Let's start by writing the basic layout of the class, and the `__init__`:

In [None]:
import os

from bridge.primitives.dataset import SingularDataset
from bridge.providers import DatasetProvider


class LargeMovieReviewDataset(DatasetProvider):
    dataset_url = "https://ai.stanford.edu/~amaas/data/sentiment/aclImdb_v1.tar.gz"

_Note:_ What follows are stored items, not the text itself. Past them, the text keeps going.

definition lcos :: "pt set \<Rightarrow> pt set set" where
  "lcos g = (\<lambda>h. gmulc g h) ` H"

definition GH :: "pt set set set" where
  "GH = lcos ` G"

definition act :: "pt set \<Rightarrow> pt set set \<Rightarrow> pt set set" where
  "act g C = (\<lambda>h. gmulc g h) ` C"

text \<open>Coordinate chart G/H -> R^3 (= Vsp): the coset of (A,X) is sent to A X A^-1.\<close>
definition chart :: "pt set set \<Rightarrow> cmat" where
  "chart C = (THE P. \<forall>g\<in>C. \<forall>p\<in>g. P = fst p ** snd p ** matrix_inv (fst p))"

definition lmul :: "(pt set set \<Rightarrow> pt set) \<Rightarrow> pt set set \<Rightarrow> pt set set \<Rightarrow> pt set set" where
  "lmul \<sigma> x y = act (\<sigma> x) y"

text \<open>sigma: G/H -> G is a global section with sigma(H)=1 whose image is sharply transitive on G/H
  (equivalently, (G/H, lmul sigma) is a loop with identity H and left translations sigma(G/H)).\<close>
definition loop_section :: "(pt set set \<Rightarrow> pt set) \<Rightarrow> bool" where
  "loop_section \<sigma> \<longleftrightarrow>
     (\<forall>C\<in>GH. \<sigma> C \<in> G \<and> \<sigma> C \<in> C) \<and> \<sigma> (lcos gone) = gone \<and>
     (\<forall>x\<in>GH. \<forall>y\<in>GH. \<exists>!z. z \<in> GH \<and> act (\<sigma> z) x = y)"

inductive_set gen :: "pt set set \<Rightarrow> pt set set" for S where
  gen_base: "g \<in> S \<Longrightarrow> g \<in> gen S"
| gen_one: "gone \<in> gen S"
| gen_mul: "g \<in> gen S \<Longrightarrow> h \<in> gen S \<Longrightarrow> gmulc g h \<in> gen S"
| gen_inv: "g \<in> gen S \<Longrightarrow> ginv g \<in> gen S"

text \<open>G is topologically generated by sigma(G/H): the closure of the generated subgroup is G
  (topology of G = quotient topology from Gt, a subspace of cmat x cmat).\<close>
definition top_generates :: "(pt set set \<Rightarrow> pt set) \<Rightarrow> bool" where
  "top_generates \<sigma> \<longleftrightarrow> closure (\<Union> (gen (\<sigma> ` GH))) = Gt"

definition left_A_loop :: "(pt set set \<Rightarrow> pt set) \<Rightarrow> bool" where
  "left_A_loop \<sigma> \<longleftrightarrow>
    (\<forall>x\<in>GH. \<forall>y\<in>GH.
       let \<phi> = (\<lambda>z. inv_into GH (lmul \<sigma> (lmul \<sigma> x y)) (lmul \<sigma> x (lmul \<sigma> y z)))
       in bij_betw \<phi> GH GH \<and> (\<forall>a\<in>GH. \<forall>b\<in>GH. \<phi> (lmul \<sigma> a b) = lmul \<sigma> (\<phi> a) (\<phi> b)))"

text \<open>sigma is differentiable: in the chart of G/H, sigma admits near every point a differentiable
  local lift to representatives (SU2 -> SU2/+-1 is a local diffeomorphism).\<close>
definition sigma_differentiable :: "(pt set set \<Rightarrow> pt set) \<Rightarrow> bool" where
  "sigma_differentiable \<sigma> \<longleftrightarrow>
    (\<forall>C0\<in>GH. \<exists>U \<tau>. open U \<and> chart C0 \<in> U \<and>
       (\<forall>Q\<in>U \<inter> Vsp. \<tau> differentiable (at Q within Vsp)) \<and>
       (\<forall>C\<in>GH. chart C \<in> U \<longrightarrow> \<tau> (chart C) \<in> \<sigma> C))"

text \<open>Tangent space at 1 of sigma(G/H), as a subspace of g = su2 x R^3 inside cmat x cmat.\<close>
definition tangent_one :: "(pt set set \<Rightarrow> pt set) \<Rightarrow> pt set" where
  "tangent_one \<sigma> = {v. \<exists>U \<tau> D. open U \<and> 0 \<in> U \<and>
       (\<forall>Q\<in>U \<inter> Vsp. \<tau> differentiable (at Q within Vsp)) \<and>
       (\<forall>C\<in>GH. chart C \<in> U \<longrightarrow> \<tau> (chart C) \<in> \<sigma> C) \<and>
       \<tau> 0 = (mat 1, 0) \<and> (\<tau> has_derivative D) (at 0 within Vsp) \<and> v \<in> D ` Vsp}"

definition expG :: "pt \<Rightarrow> pt set set" where
  "expG v = {cls (\<gamma> 1) | \<gamma>. (\<forall>t. \<gamma> t \<in> Gt) \<and> (\<forall>s t. \<gamma> (s + t) = gmul (\<gamma> s) (\<gamma> t)) \<and>
                          (\<gamma> has_derivative (\<lambda>t. t *\<^sub>R v)) (at 0)}"

definition strongly_left_alternative :: "(pt set set \<Rightarrow> pt set) \<Rightarrow> bool" where
  "strongly_left_alternative \<sigma> \<longleftrightarrow> (\<forall>v\<in>tangent_one \<sigma>. expG v \<subseteq> \<sigma> ` GH)"

definition LX :: pt where "LX = (mat2 \<i> 0 0 (- \<i>), 0)"
definition LY :: pt where "LY = (mat2 0 \<i> \<i> 0, 0)"
definition LZ :: pt where "LZ = (mat2 0 (-1) 1 0, 0)"
definition LV1 :: pt where "LV1 = (0, mat2 0 \<i> (- \<i>) 0)"
definition LV2 :: pt where "LV2 = (0, mat2 0 1 1 0)"
definition LV3 :: pt where "LV3 = (0, mat2 (-1) 0 0 1)"

definition m1 :: "pt set" where
  "m1 = span {LV1 + LZ, LV2 + LY, LV3 - LX}"

end

theory Submission
  imports Defs
begin
lemma stick_rep_imp_mutual_reach_rep:
  assumes "finite V" "stick_rep V E A B c S"
  shows "\<exists>x fwd bwd. mutual_reach_rep V E A B x fwd bwd"
proof -
  define p where "p v = fst (S v)" for v
  define h where "h v = snd (S v)" for v
  define T where "T = (\<lambda>(u, v, k). p u - p v - k) ` (V \<times> V \<times> insert 0 (h ` V))"
  have "finite T" using assms(1) by (simp add: T_def)
  then obtain \<delta> where "0 < \<delta>" and \<delta>: "\<And>t. t \<in> T \<Longrightarrow> t \<noteq> 0 \<Longrightarrow> \<delta> \<le> dist 0 t"
    using finite_set_avoid[where a = 0] by meson
  have gap: "2 * (\<delta> / 2) \<le> \<bar>p u - p v - k\<bar>"
    if "u \<in> V" "v \<in> V" "k \<in> {0, h u, h v}" "p u - p v \<noteq> k" for u v k
  proof -
    have "p u - p v - k \<in> T"
      unfolding T_def using that by (intro image_eqI[where x = "(u, v, k)"]) auto
    then show ?thesis using \<delta> that(4) by (simp add: dist_real_def)
  qed
  obtain s where "inj_on s V" "s ` V \<subseteq> {0..<\<delta> / 2}"
    using finite_inj_on_into_Ico[OF assms(1)] \<open>0 < \<delta>\<close> by (meson half_gt_zero)
  then show ?thesis
    using mutual_reach_rep_of_stick_rep[OF assms(2), of "\<delta> / 2" s] gap
    unfolding p_def h_def by blast
qed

    def __init__(self, root: str | os.PathLike, split: str = "train", download: bool = False):
        root = Path(root)

        if download:
            if (root / "aclImdb_v1.tar.gz").exists():
                print("Archive file aclImdb_v1.tar.gz already exists, skipping download.")
            else:
                download_and_extract_archive(self.dataset_url, str(root))
        self._split_root = root / "aclImdb" / split

    def build_dataset(
        self,
        display_engine=None,
        cache_mechanisms=None,
    ) -> SingularDataset:
        pass

Now we can instantiate this provider and verify that it points to the right directory:

In [None]:
provider = LargeMovieReviewDataset(TMP_NOTEBOOK_ROOT / "imdb", split="train", download=False)
provider._split_root

In [None]:
os.listdir(provider._split_root)

The next step will be to implement `build_dataset()`, which will load the relevant metadata from this directory into a Bridge Dataset.

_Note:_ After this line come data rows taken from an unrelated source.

definition induced_adj :: "'a set \<Rightarrow> ('a \<Rightarrow> 'a \<Rightarrow> bool) \<Rightarrow> 'a \<Rightarrow> 'a \<Rightarrow> bool" where
  "induced_adj X adj a b \<longleftrightarrow> a \<in> X \<and> b \<in> X \<and> adj a b"

lemma walk_in_Cons:
  "walk_in X adj (a # p) \<longleftrightarrow> a \<in> X \<and> (p = [] \<or> adj a (hd p) \<and> walk_in X adj p)"
  by (cases p) (auto simp: walk_in_def nth_Cons split: nat.splits)

lemma reach_iff_rtranclp: "reach X adj u w \<longleftrightarrow> u \<in> X \<and> (induced_adj X adj)\<^sup>*\<^sup>* u w"
proof
  assume "reach X adj u w"
  then obtain p where "walk_in X adj p" "hd p = u" "last p = w"
    by (auto simp: reach_def)
  then show "u \<in> X \<and> (induced_adj X adj)\<^sup>*\<^sup>* u w"
  proof (induction p arbitrary: u)
    case (Cons a p)
    then show ?case
      by (cases "p = []")
        (auto simp: walk_in_Cons induced_adj_def intro: converse_rtranclp_into_rtranclp)
  qed (simp add: walk_in_def)
next
  assume "u \<in> X \<and> (induced_adj X adj)\<^sup>*\<^sup>* u w"
  then have "(induced_adj X adj)\<^sup>*\<^sup>* u w" "u \<in> X" by simp_all
  then show "reach X adj u w"
  proof (induction rule: converse_rtranclp_induct)
    case base
    then show ?case
      by (auto simp: reach_def walk_in_def intro: exI[of _ "[w]"])
  next
    case (step a b)
    then obtain p where "walk_in X adj p" "hd p = b" "last p = w"
      by (auto simp: reach_def induced_adj_def)
    moreover have "p \<noteq> []"
      using \<open>walk_in X adj p\<close> by (simp add: walk_in_def)
    ultimately show ?case
      using step.hyps(1) unfolding reach_def
      by (intro exI[of _ "a # p"]) (auto simp: walk_in_Cons induced_adj_def)
  qed
qed

lemma reach_in: "reach X adj u w \<Longrightarrow> u \<in> X \<and> w \<in> X"
  by (auto simp: reach_iff_rtranclp induced_adj_def elim: rtranclp.cases)

lemma reach_refl: "u \<in> X \<Longrightarrow> reach X adj u u"
  by (simp add: reach_iff_rtranclp)

lemma reach_edge: "adj a b \<Longrightarrow> a \<in> X \<Longrightarrow> b \<in> X \<Longrightarrow> reach X adj a b"
  by (auto simp: reach_iff_rtranclp induced_adj_def)

lemma reach_trans: "reach X adj u x \<Longrightarrow> reach X adj x w \<Longrightarrow> reach X adj u w"
  by (auto simp: reach_iff_rtranclp)

lemma reach_sym: "symp adj \<Longrightarrow> reach X adj u w \<Longrightarrow> reach X adj w u"
  using reach_in[of X adj u w]
  by (auto simp: reach_iff_rtranclp induced_adj_def symp_def
      intro: sympD[OF symp_rtranclp] sympI)

lemma reach_map:
  assumes "f ` X \<subseteq> Y"
    and "\<And>a b. induced_adj X adj a b \<Longrightarrow> f a = f b \<or> adj (f a) (f b)"
    and "reach X adj u w"
  shows "reach Y adj (f u) (f w)"
proof -
  have "(induced_adj X adj)\<^sup>*\<^sup>* u w" "u \<in> X"
    using assms(3) by (simp_all add: reach_iff_rtranclp)
  then show ?thesis
  proof (induction rule: rtranclp_induct)
    case (step a b)
    have "f a \<in> Y" "f b \<in> Y"
      using step.hyps(2) assms(1) by (auto simp: induced_adj_def)
    then have "f a = f b \<or> reach Y adj (f a) (f b)"
      using assms(2)[OF step.hyps(2)] reach_edge by metis
    moreover have "reach Y adj (f u) (f a)"
      using step.IH step.prems by simp
    ultimately show ?case
      using reach_trans by metis
  next
    case base
    show ?case
      using assms(1) base by (auto intro: reach_refl)
  qed
qed

lemma reach_mono: "reach X adj u w \<Longrightarrow> X \<subseteq> Y \<Longrightarrow> reach Y adj u w"
  using reach_map[of id X Y adj] by (auto simp: induced_adj_def)

definition component_of :: "'a set \<Rightarrow> ('a \<Rightarrow> 'a \<Rightarrow> bool) \<Rightarrow> 'a \<Rightarrow> 'a set" where
  "component_of X adj u = {w. reach X adj u w}"

lemma components_eq_image: "components X adj = component_of X adj ` X"
  by (auto simp: components_def component_of_def reach_def[symmetric] dest: reach_in)

lemma component_of_eq:
  "symp adj \<Longrightarrow> reach X adj u w \<Longrightarrow> component_of X adj u = component_of X adj w"
  by (auto simp: component_of_def intro: reach_trans reach_sym)

lemma components_eq_component_of:
  assumes "symp adj" "C \<in> components X adj" "x \<in> C"
  shows "C = component_of X adj x"
proof -
  obtain u where C: "C = component_of X adj u"
    using assms(2) by (auto simp: components_eq_image)
  with assms(3) have "reach X adj u x"
    by (simp add: component_of_def)
  with assms(1) C show ?thesis
    by (simp add: component_of_eq)
qed

lemma components_subset: "C \<in> components X adj \<Longrightarrow> C \<subseteq> X"
  by (auto simp: components_eq_image component_of_def dest: reach_in)

lemma components_reach_iff:
  assumes "symp adj" "C \<in> components X adj" "reach X adj a b"
  shows "a \<in> C \<longleftrightarrow> b \<in> C"
proof
  assume "a \<in> C"
  with assms show "b \<in> C"
    using components_eq_component_of by (fastforce simp: component_of_def)
next
  assume "b \<in> C"
  with assms show "a \<in> C"
    using components_eq_component_of reach_sym by (fastforce simp: component_of_def)
qed

lemma card_components_less:
  assumes "symp adj" "finite X" "f ` X \<subseteq> Y"
    and onto: "\<And>y. y \<in> Y \<Longrightarrow> \<exists>x\<in>X. reach Y adj y (f x)"
    and hom: "\<And>a b. reach X adj a b \<Longrightarrow> reach Y adj (f a) (f b)"
    and merge: "a \<in> X" "b \<in> X" "\<not> reach X adj a b" "reach Y adj (f a) (f b)"
  shows "card (components Y adj) < card (components X adj)"
proof -
  define G where "G C = (\<Union>x\<in>C. component_of Y adj (f x))" for C
  have G: "G (component_of X adj x) = component_of Y adj (f x)" if "x \<in> X" for x
  proof
    show "G (component_of X adj x) \<subseteq> component_of Y adj (f x)"
      using hom by (auto simp: G_def component_of_def intro: reach_trans)
    show "component_of Y adj (f x) \<subseteq> G (component_of X adj x)"
      using that by (auto simp: G_def component_of_def intro: reach_refl)
  qed
  have "components Y adj = (\<lambda>x. component_of Y adj (f x)) ` X"
  proof
    show "components Y adj \<subseteq> (\<lambda>x. component_of Y adj (f x)) ` X"
    proof
      fix D assume "D \<in> components Y adj"
      then obtain y where "y \<in> Y" "D = component_of Y adj y"
        by (auto simp: components_eq_image)
      with onto obtain x where "x \<in> X" "D = component_of Y adj (f x)"
        using component_of_eq[OF assms(1)] by metis
      then show "D \<in> (\<lambda>x. component_of Y adj (f x)) ` X" by blast
    qed
    show "(\<lambda>x. component_of Y adj (f x)) ` X \<subseteq> components Y adj"
      using assms(3) by (auto simp: components_eq_image)
  qed
  also have "\<dots> = G ` components X adj"
    using G by (simp add: components_eq_image image_image)
  finally have image: "components Y adj = G ` components X adj" .
  have "G (component_of X adj a) = G (component_of X adj b)"
    using G merge assms(1) by (simp add: component_of_eq)
  moreover have "component_of X adj a \<noteq> component_of X adj b"
    using merge by (auto simp: component_of_def dest: reach_refl)
  ultimately have "\<not> inj_on G (components X adj)"
    using merge by (auto simp: components_eq_image inj_on_def)
  moreover have "finite (components X adj)"
    using assms(2) by (simp add: components_eq_image)
  ultimately show ?thesis
    unfolding image by (meson card_image_le eq_card_imp_inj_on le_neq_implies_less)
qed

lemma cyclic_adj_rotate:
  assumes "\<forall>i<length c. adj (c ! i) (c ! ((i + 1) mod length c))"
  shows "\<forall>i<length c. adj (rotate k c ! i) (rotate k c ! ((i + 1) mod length c))"
proof (intro allI impI)
  fix i assume i: "i < length c"
  then have "0 < length c" by linarith
  then have "(k + i) mod length c < length c" "(i + 1) mod length c < length c" by simp_all
  with assms have "adj (c ! ((k + i) mod length c)) (c ! (((k + i) mod length c + 1) mod length c))"
    by blast
  moreover have "(k + (i + 1) mod length c) mod length c = ((k + i) mod length c + 1) mod length c"
    by (simp add: mod_simps add.assoc)
  ultimately show "adj (rotate k c ! i) (rotate k c ! ((i + 1) mod length c))"
    using i nth_rotate[of i c k] nth_rotate[of "(i + 1) mod length c" c k]
      \<open>(i + 1) mod length c < length c\<close>
    by simp
qed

Concretely, we will iterate over the directories and convert every text file into **two elements**: a text element, and a class label element. To get the convenient API where the text elements are _samples_ and the class elements are _annotations_, we will keep two separate lists for elements during this process, but we will ensure elements from the same sample _share a sample id_:

In [None]:
import os
from pathlib import Path

from bridge.primitives.dataset.singular_dataset import SingularDataset
from bridge.primitives.element.data.load_mechanism import LoadMechanism
from bridge.primitives.element.element import Element
from bridge.utils.data_objects import ClassLabel


class LargeMovieReviewDataset(DatasetProvider):
    dataset_url = "https://ai.stanford.edu/~amaas/data/sentiment/aclImdb_v1.tar.gz"

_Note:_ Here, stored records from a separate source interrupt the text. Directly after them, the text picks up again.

(* Let $\mathbf{AUS}_3$ be the set of density matrices $\sigma$ on $\mathbb{C}^2\otimes\mathbb{C}^2$ such that for every unitary $U$ on $\mathbb{C}^2\otimes\mathbb{C}^2$, every choice of unit vectors $\hat u_1,\hat u_2,\hat u_3\in\mathbb{R}^3$ and every choice of orthonormal vectors $\hat v_1,\hat v_2,\hat v_3\in\mathbb{R}^3$, $$\frac{1}{\sqrt3}\Big|\sum_{i=1}^3\mathrm{Tr}\big(U\sigma U^\dagger\,(\hat u_i\cdot\vec s)\otimes(\hat v_i\cdot\vec s)\big)\Big|\le 1.$$ Write a two-qubit state as $\sigma=\frac14\big(I\otimes I+\vec e\cdot\vec s\otimes I+I\otimes\vec f\cdot\vec s+\sum_{i,j=1}^3 g_{ij}\,s_i\otimes s_j\big)$ with $\vec e,\vec f\in\mathbb{R}^3$ and $G=[g_{ij}]$ a real $3\times3$ matrix. Then $\sigma\in\mathbf{AUS}_3$ if and only if $$\frac14\big(1+\|\vec e\|^2+\|\vec f\|^2+\|G\|^2\big)\le\frac12,$$ where $\|\vec e\|,\|\vec f\|$ are Euclidean norms and $\|G\|^2=\sum_{i,j}g_{ij}^2$.
   Context: $\vec{s}=(s_1,s_2,s_3)$ denotes the vector of Pauli matrices, and for $\hat w\in\mathbb{R}^3$, $\hat w\cdot\vec s=\sum_k w_k s_k$. $\vec e,\vec f$ are the local Bloch vectors of $\sigma$ and $G$ its correlation matrix. *)

theory Defs
  imports "HOL-Analysis.Analysis"
begin

type_synonym qmat = "complex^2^2"
type_synonym qqmat = "complex^(2\<times>2)^(2\<times>2)"

definition cadj :: "complex^'n^'n \<Rightarrow> complex^'n^'n" where
  "cadj A = (\<chi> i j. cnj (A $ j $ i))"

definition unitary_mat :: "complex^'n^'n \<Rightarrow> bool" where
  "unitary_mat U \<longleftrightarrow> U ** cadj U = mat 1 \<and> cadj U ** U = mat 1"

definition hermitian_mat :: "complex^'n^'n \<Rightarrow> bool" where
  "hermitian_mat A \<longleftrightarrow> cadj A = A"

definition psd_mat :: "complex^'n^'n \<Rightarrow> bool" where
  "psd_mat A \<longleftrightarrow> (\<forall>v::complex^'n.
     let q = (\<Sum>i\<in>UNIV. cnj (v $ i) * (A *v v) $ i) in Im q = 0 \<and> Re q \<ge> 0)"

definition density_mat :: "complex^'n^'n \<Rightarrow> bool" where
  "density_mat A \<longleftrightarrow> hermitian_mat A \<and> psd_mat A \<and> trace A = 1"

definition kron :: "qmat \<Rightarrow> qmat \<Rightarrow> qqmat" where
  "kron A B = (\<chi> p q. A $ fst p $ fst q * B $ snd p $ snd q)"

    def __init__(self, root: str | os.PathLike, split: str = "train", download: bool = False):
        root = Path(root)

        if download:
            if (root / "aclImdb_v1.tar.gz").exists():
                print("Archive file aclImdb_v1.tar.gz already exists, skipping download.")
            else:
                download_and_extract_archive(self.dataset_url, str(root))
        self._split_root = root / "aclImdb" / split

    def build_dataset(
        self,
        display_engine=None,
        cache_mechanisms=None,
    ) -> SingularDataset:
        samples = []
        annotations = []

        class_dir_list = [d for d in list(self._split_root.iterdir()) if d.is_dir()]
        for class_idx, class_dir in enumerate(sorted(class_dir_list)):
            for textfile in class_dir.iterdir():
                load_mechanism = LoadMechanism.from_url_string(str(textfile), "text")
                text_element = Element(
                    element_id=f"text_{textfile.stem}",
                    sample_id=textfile.stem,
                    etype="text",
                    load_mechanism=load_mechanism,
                )
                load_mechanism = LoadMechanism(ClassLabel(class_idx, class_dir.name), category="obj")
                label_element = Element(
                    element_id=f"label_{textfile.stem}",
                    sample_id=textfile.stem,
                    etype="class_label",
                    load_mechanism=load_mechanism,
                )
                samples.append(text_element)
                annotations.append(label_element)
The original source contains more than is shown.